US taxpayers want that money you claimed as a deduction to a charity -  back - in taxes and fines.

A snip form the editorial on PR Watch – Read the whole thing >>>>HERE<<<<


Defective Products
Rolaids antacids were subject to a massive voluntary recall in 2010 due to contamination with a chemical called 2,4,6-tribromoanisole (TBA). Johnson & Johnson also recalled more than 135 million units of children's Tylenol, Benadryl, and Motrin medicines in 2010 for possible bacterial contamination and the presence of small metal parts.

In 2010, Johnson & Johnson’s then-CEO, William Weldon, was called before Congress after regulators learned that the company had also engaged in “stealth” recalls by buying up products -- supplies of the pain killer, Motrin -- rather than notifying the public of its need to recall defective Motrin tablets.

And, just this month, on April 10, a jury determined that a Johnson & Johnson subsidiary had downplayed and had hidden risks associated with the antipsychotic drug Risperdal. The Arkansas Attorney General is seeking fines of at least $1.1 billion for the 250,000 prescriptions of this drug that the state’s Medicaid program paid for over three and a half years. Johnson & Johnson is involved in other claims about this and other products as well.

For example, Johnson & Johnson has faced lawsuits over defective heart stents as well as hip replacement parts, the failure of which put at-risk American patients at additional risk from more surgery to address these defective medical devices. In the case of the defective hip joints, some recipients have experienced degradation of the soft tissue around the joint, leaving injured Americans unable to fully replace the defective part and instead suffering long-term disability in their mobility.

Through ALEC's "tort" task force, global corporations like Johnson & Johnson underwrite an agenda that would bar American families from suing if their loved one dies as a result of a drug if that drug were approved by the FDA. ALEC has pursued such legislation despite the long-history of inadequate regulation by the FDA and numerous recalls of dangerous or defective drugs--including numerous drugs manufactured by Johnson & Johnson.
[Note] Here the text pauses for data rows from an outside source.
(* For nonnegative integers $s_1,s_2$, let $N(s_1,s_2)$ be the number of $(x_1,x_2,x_3,x_4)\in\mathbb Z_{\ge0}^4$ with $x_1+2x_2+x_3=s_1$ and $x_1+x_2+x_4=s_2$ (the vector partition function of $\begin{pmatrix}1&2&1&0\\1&1&0&1\end{pmatrix}$). For $\boldsymbol\alpha=(\alpha_1,\alpha_2)\in\mathbb C^2$ with $(\alpha_1+\alpha_2)(2\alpha_1+\alpha_2)\ne0$ define $$W(\mathbf s;\boldsymbol\alpha)=\frac{\alpha_1^2\,A+2\alpha_1\alpha_2\,B+\alpha_2^2\,C}{2(\alpha_1+\alpha_2)(2\alpha_1+\alpha_2)},$$ where $A=s_1^2+4s_1+\tfrac72+\tfrac12(-1)^{s_1}$, $B=s_1s_2+\tfrac32s_1+2s_2+\tfrac{11}4+\tfrac14(-1)^{s_1}$, $C=s_2^2+3s_2+2$. Then: (i) if $s_1\le s_2$, $N(s_1,s_2)=W(\mathbf s;(1,0))=\frac{s_1^2}{4}+s_1+\frac{7+(-1)^{s_1}}{8}$; (ii) if $s_1/2-1\le s_2\le s_1+1$, $N(s_1,s_2)=\operatorname{Re}W(\mathbf s;(1,-1\pm i))=s_1s_2-\frac{s_1^2+2s_2^2}{4}+\frac{s_1+s_2}{2}+\frac{7+(-1)^{s_1}}{8}$; (iii) if $s_2\le s_1/2$, $N(s_1,s_2)=W(\mathbf s;(0,1))=\frac{s_2^2}{2}+\frac{3s_2}{2}+1$. *)

theory Defs
  imports Complex_Main
begin

definition N :: "nat \<Rightarrow> nat \<Rightarrow> nat" where
  "N s1 s2 = card {(x1::nat, x2::nat, x3::nat, x4::nat).
                     x1 + 2 * x2 + x3 = s1 \<and> x1 + x2 + x4 = s2}"

definition WA :: "nat \<Rightarrow> complex" where
  "WA s1 = of_nat s1 ^ 2 + 4 * of_nat s1 + 7/2 + (1/2) * (-1) ^ s1"

definition WB :: "nat \<Rightarrow> nat \<Rightarrow> complex" where
  "WB s1 s2 = of_nat s1 * of_nat s2 + (3/2) * of_nat s1 + 2 * of_nat s2 + 11/4 + (1/4) * (-1) ^ s1"

definition WC :: "nat \<Rightarrow> complex" where
  "WC s2 = of_nat s2 ^ 2 + 3 * of_nat s2 + 2"

definition W :: "nat \<Rightarrow> nat \<Rightarrow> complex \<Rightarrow> complex \<Rightarrow> complex" where
  "W s1 s2 a1 a2 = (a1^2 * WA s1 + 2 * a1 * a2 * WB s1 s2 + a2^2 * WC s2)
                    / (2 * (a1 + a2) * (2 * a1 + a2))"

end

theory Submission
  imports Defs
begin

(* Since x3 and x4 are slack variables, N s1 s2 counts the lattice points (x1, x2) of the polygon
   x1 + 2 x2 \<le> s1, x1 + x2 \<le> s2.  Its bottom row x2 = 0 has min s1 s2 + 1 points, and the rest is
   a translate of the polygon for (s1 - 2, s2 - 1); hence
     N (s1 + 2) (s2 + 1) = min (s1 + 2) (s2 + 1) + 1 + N s1 s2.
   Stepping back by (2, 1) keeps a point in its region, on which the minimum is a fixed
   coordinate; the one exception is the edge s2 = s1 + 1 of region (ii), which lies in region (i).
   So each quasi-polynomial follows by induction on s2 from the values N 0 s2, N 1 s2 and N s1 0.
   The coefficients A, B, C of W are real, so W commutes with complex conjugation and the
   value at (1, -1 - i) is the conjugate of the one at (1, -1 + i). *)

definition polygon_points :: "nat \<Rightarrow> nat \<Rightarrow> (nat \<times> nat) set" where
  "polygon_points s1 s2 = {(a, b). a + 2 * b \<le> s1 \<and> a + b \<le> s2}"

lemma finite_polygon_points: "finite (polygon_points s1 s2)"
  by (rule finite_subset[of _ "{0..s1} \<times> {0..s1}"]) (auto simp: polygon_points_def)

lemma N_eq_card_polygon_points: "N s1 s2 = card (polygon_points s1 s2)"
proof -
  have "{(x1, x2, x3, x4). x1 + 2 * x2 + x3 = s1 \<and> x1 + x2 + x4 = s2}
      = (\<lambda>(a, b). (a, b, s1 - a - 2 * b, s2 - a - b)) ` polygon_points s1 s2"
    by (auto simp: polygon_points_def image_iff)
  moreover have "inj_on (\<lambda>(a, b). (a, b, s1 - a - 2 * b, s2 - a - b)) (polygon_points s1 s2)"
    by (auto simp: inj_on_def)
  ultimately show ?thesis
    unfolding N_def by (simp add: card_image)
qed

lemma N_add_2_1: "N (s1 + 2) (s2 + 1) = min (s1 + 2) (s2 + 1) + 1 + N s1 s2"
proof -
  let ?P = "polygon_points (s1 + 2) (s2 + 1)"
  let ?row = "(\<lambda>a. (a, 0 :: nat)) ` {0..min (s1 + 2) (s2 + 1)}"
  let ?shift = "(\<lambda>(a, b). (a, Suc b)) ` polygon_points s1 s2"
  have split: "?P = ?row \<union> ?shift"
  proof (rule set_eqI, clarify)
    fix a b
    show "(a, b) \<in> ?P \<longleftrightarrow> (a, b) \<in> ?row \<union> ?shift"
      by (cases b) (auto simp: polygon_points_def image_iff)
  qed
  have "card ?P = card ?row + card ?shift"
    unfolding split by (rule card_Un_disjoint) (auto simp: finite_polygon_points)
  also have "card ?row = min (s1 + 2) (s2 + 1) + 1"
    by (simp add: card_image inj_on_def)
  also have "card ?shift = card (polygon_points s1 s2)"
    by (rule card_image) (auto simp: inj_on_def)
  finally show ?thesis
    by (simp add: N_eq_card_polygon_points)
qed

lemma N_0_left: "N 0 s2 = 1"
proof -
  have "polygon_points 0 s2 = {(0, 0)}"
    by (auto simp: polygon_points_def)
  then show ?thesis
    by (simp add: N_eq_card_polygon_points)
qed

lemma N_1_left: "0 < s2 \<Longrightarrow> N 1 s2 = 2"
proof -
  assume "0 < s2"
  then have "polygon_points 1 s2 = {(0, 0), (1, 0)}"
    by (auto simp: polygon_points_def)
  then show ?thesis
    by (simp add: N_eq_card_polygon_points)
qed

lemma N_0_right: "N s1 0 = 1"
proof -
  have "polygon_points s1 0 = {(0, 0)}"
    by (auto simp: polygon_points_def)
  then show ?thesis
    by (simp add: N_eq_card_polygon_points)
qed

lemma N_if_le:
  "s1 \<le> s2 \<Longrightarrow> real (N s1 s2) = real s1 ^ 2 / 4 + real s1 + (7 + (-1) ^ s1) / 8"
proof (induction s2 arbitrary: s1)
  case 0
  then show ?case by (simp add: N_0_right)
next
  case (Suc s2)
  show ?case
  proof (cases "s1 < 2")
    case True
    then consider "s1 = 0" | "s1 = 1" by linarith
    then show ?thesis
      by cases (use N_0_left N_1_left[of "Suc s2"] in simp_all)
  next
    case False
    then obtain s1' where s1: "s1 = s1' + 2"
      by (intro that[of "s1 - 2"]) simp
    have "real (N s1 (Suc s2)) = real s1' + 3 + real (N s1' s2)"
      using N_add_2_1[of s1' s2] Suc.prems by (simp add: s1)
    also have "real (N s1' s2) = real s1' ^ 2 / 4 + real s1' + (7 + (-1) ^ s1') / 8"
      using Suc.IH Suc.prems s1 by simp
    finally show ?thesis
      by (simp add: s1 power2_eq_square field_simps)
  qed
qed

lemma N_if_2_mult_le:
  "2 * s2 \<le> s1 \<Longrightarrow> real (N s1 s2) = real s2 ^ 2 / 2 + 3 * real s2 / 2 + 1"
proof (induction s2 arbitrary: s1)
  case 0
  then show ?case by (simp add: N_0_right)
next
  case (Suc s2)
  then obtain s1' where s1: "s1 = s1' + 2" and le: "2 * s2 \<le> s1'"
    by (intro that[of "s1 - 2"]) simp_all
  have "real (N s1 (Suc s2)) = real s2 + 2 + real (N s1' s2)"
    using N_add_2_1[of s1' s2] le by (simp add: s1)
  also have "real (N s1' s2) = real s2 ^ 2 / 2 + 3 * real s2 / 2 + 1"
    using Suc.IH le by simp
  finally show ?case
    by (simp add: power2_eq_square field_simps)
qed

lemma N_if_between:
  assumes "s1 \<le> 2 * s2 + 2" and "s2 \<le> s1 + 1"
  shows "real (N s1 s2) = real s1 * real s2 - (real s1 ^ 2 + 2 * real s2 ^ 2) / 4
           + (real s1 + real s2) / 2 + (7 + (-1) ^ s1) / 8"
  using assms
proof (induction s2 arbitrary: s1)
  case 0
  then consider "s1 = 0" | "s1 = 1" | "s1 = 2" by linarith
  then show ?case by cases (simp_all add: N_0_right)
next
  case (Suc s2)
  consider "Suc s2 = s1 + 1" | "s1 = 1" "s2 = 0" | s1' where "s1 = s1' + 2" "s2 \<le> s1' + 1"
  proof (cases "Suc s2 = s1 + 1 \<or> s1 < 2")
    case True
    with Suc.prems consider "Suc s2 = s1 + 1" | "s1 = 1" "s2 = 0"
      by linarith
    then show ?thesis
      using that(1,2) by cases
  next
    case False
    with Suc.prems show ?thesis
      by (intro that(3)[of "s1 - 2"]) arith+
  qed
  then show ?case
  proof cases
    case 1
    then show ?thesis
      using N_if_le[of s1 "Suc s2"] by (simp add: power2_eq_square field_simps)
  next
    case 2
    then show ?thesis
      using N_1_left[of 1] by simp
  next
    case (3 s1')
    with Suc.prems have le: "s1' \<le> 2 * s2 + 2" "s2 \<le> s1' + 1" "Suc s2 \<le> s1' + 2"
      by simp_all
    have "real (N s1 (Suc s2)) = real s2 + 2 + real (N s1' s2)"
      using N_add_2_1[of s1' s2] le by (simp add: 3)
    also have "real (N s1' s2) = real s1' * real s2 - (real s1' ^ 2 + 2 * real s2 ^ 2) / 4
           + (real s1' + real s2) / 2 + (7 + (-1) ^ s1') / 8"
      using Suc.IH le by simp
    finally show ?thesis
      by (simp add: 3 power2_eq_square field_simps)
  qed
qed

lemma W_1_0: "W s1 s2 1 0 = of_nat s1 ^ 2 / 4 + of_nat s1 + (7 + (-1) ^ s1) / 8"
  by (simp add: W_def WA_def field_simps)

lemma W_0_1: "W s1 s2 0 1 = of_nat s2 ^ 2 / 2 + 3 * of_nat s2 / 2 + 1"
  by (simp add: W_def WC_def field_simps)

lemma W_cnj: "W s1 s2 (cnj a1) (cnj a2) = cnj (W s1 s2 a1 a2)"
proof -
  have "cnj (WA s1) = WA s1" "cnj (WB s1 s2) = WB s1 s2" "cnj (WC s2) = WC s2"
    by (simp_all add: WA_def WB_def WC_def)
  then show ?thesis
    by (simp add: W_def)
qed

lemma Re_W_1_minus_1_plus_i:
  "Re (W s1 s2 1 (-1 + \<i>)) = real s1 * real s2 - (real s1 ^ 2 + 2 * real s2 ^ 2) / 4
           + (real s1 + real s2) / 2 + (7 + (-1) ^ s1) / 8"
  by (simp add: W_def WA_def WB_def WC_def Re_divide power2_eq_square field_simps)

lemma Re_W_1_minus_1_minus_i:
  "Re (W s1 s2 1 (-1 - \<i>)) = real s1 * real s2 - (real s1 ^ 2 + 2 * real s2 ^ 2) / 4
           + (real s1 + real s2) / 2 + (7 + (-1) ^ s1) / 8"
proof -
  have "cnj (-1 + \<i>) = -1 - \<i>"
    by (simp add: complex_eq_iff)
  from W_cnj[of s1 s2 1 "-1 + \<i>", unfolded complex_cnj_one this]
  have "W s1 s2 1 (-1 - \<i>) = cnj (W s1 s2 1 (-1 + \<i>))" .
  then show ?thesis
    using Re_W_1_minus_1_plus_i[of s1 s2] by simp
qed

theorem mainTheorem6:
  fixes s1 s2 :: nat
  shows
   "(s1 \<le> s2 \<longrightarrow>
       complex_of_nat (N s1 s2) = W s1 s2 1 0 \<and>
       W s1 s2 1 0 = of_nat s1 ^ 2 / 4 + of_nat s1 + (7 + (-1) ^ s1) / 8)
  \<and> (real s1 / 2 - 1 \<le> real s2 \<and> s2 \<le> s1 + 1 \<longrightarrow>
       real (N s1 s2) = Re (W s1 s2 1 (-1 + \<i>)) \<and>
       real (N s1 s2) = Re (W s1 s2 1 (-1 - \<i>)) \<and>
       Re (W s1 s2 1 (-1 + \<i>)) = real s1 * real s2 - (real s1 ^ 2 + 2 * real s2 ^ 2) / 4
           + (real s1 + real s2) / 2 + (7 + (-1) ^ s1) / 8 \<and>
       Re (W s1 s2 1 (-1 - \<i>)) = real s1 * real s2 - (real s1 ^ 2 + 2 * real s2 ^ 2) / 4
           + (real s1 + real s2) / 2 + (7 + (-1) ^ s1) / 8)
  \<and> (real s2 \<le> real s1 / 2 \<longrightarrow>
       complex_of_nat (N s1 s2) = W s1 s2 0 1 \<and>
       W s1 s2 0 1 = of_nat s2 ^ 2 / 2 + 3 * of_nat s2 / 2 + 1)"
proof (intro conjI impI)
  assume "s1 \<le> s2"
  then have "complex_of_real (real (N s1 s2)) = W s1 s2 1 0"
    by (simp add: N_if_le W_1_0)
  then show "complex_of_nat (N s1 s2) = W s1 s2 1 0" by simp
next
  assume "real s1 / 2 - 1 \<le> real s2 \<and> s2 \<le> s1 + 1"
  then have "s1 \<le> 2 * s2 + 2" "s2 \<le> s1 + 1" by linarith+
  then show "real (N s1 s2) = Re (W s1 s2 1 (-1 + \<i>))"
    and "real (N s1 s2) = Re (W s1 s2 1 (-1 - \<i>))"
    unfolding Re_W_1_minus_1_plus_i Re_W_1_minus_1_minus_i by (rule N_if_between)+
next
  assume "real s2 \<le> real s1 / 2"
  then have "complex_of_real (real (N s1 s2)) = W s1 s2 0 1"
    by (simp add: N_if_2_mult_le W_0_1)
  then show "complex_of_nat (N s1 s2) = W s1 s2 0 1" by simp
qed (simp_all only: W_1_0 W_0_1 Re_W_1_minus_1_plus_i Re_W_1_minus_1_minus_i)

end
Therefore, the question for investors becomes one of identifying the risks associated with companies that don’t share Coca-Cola’s discretion.  Understanding that companies act in the interest of their bottom line (and, hence, their value to investors), one wonders what function ALEC membership serves if a company like Coca-Cola no longer finds them a compatible partner.


Tell me J&J – how does having ALEC as a “compatible partner” affect your "bottom line".
J&J – ALEC Corporate Profit Sector Member.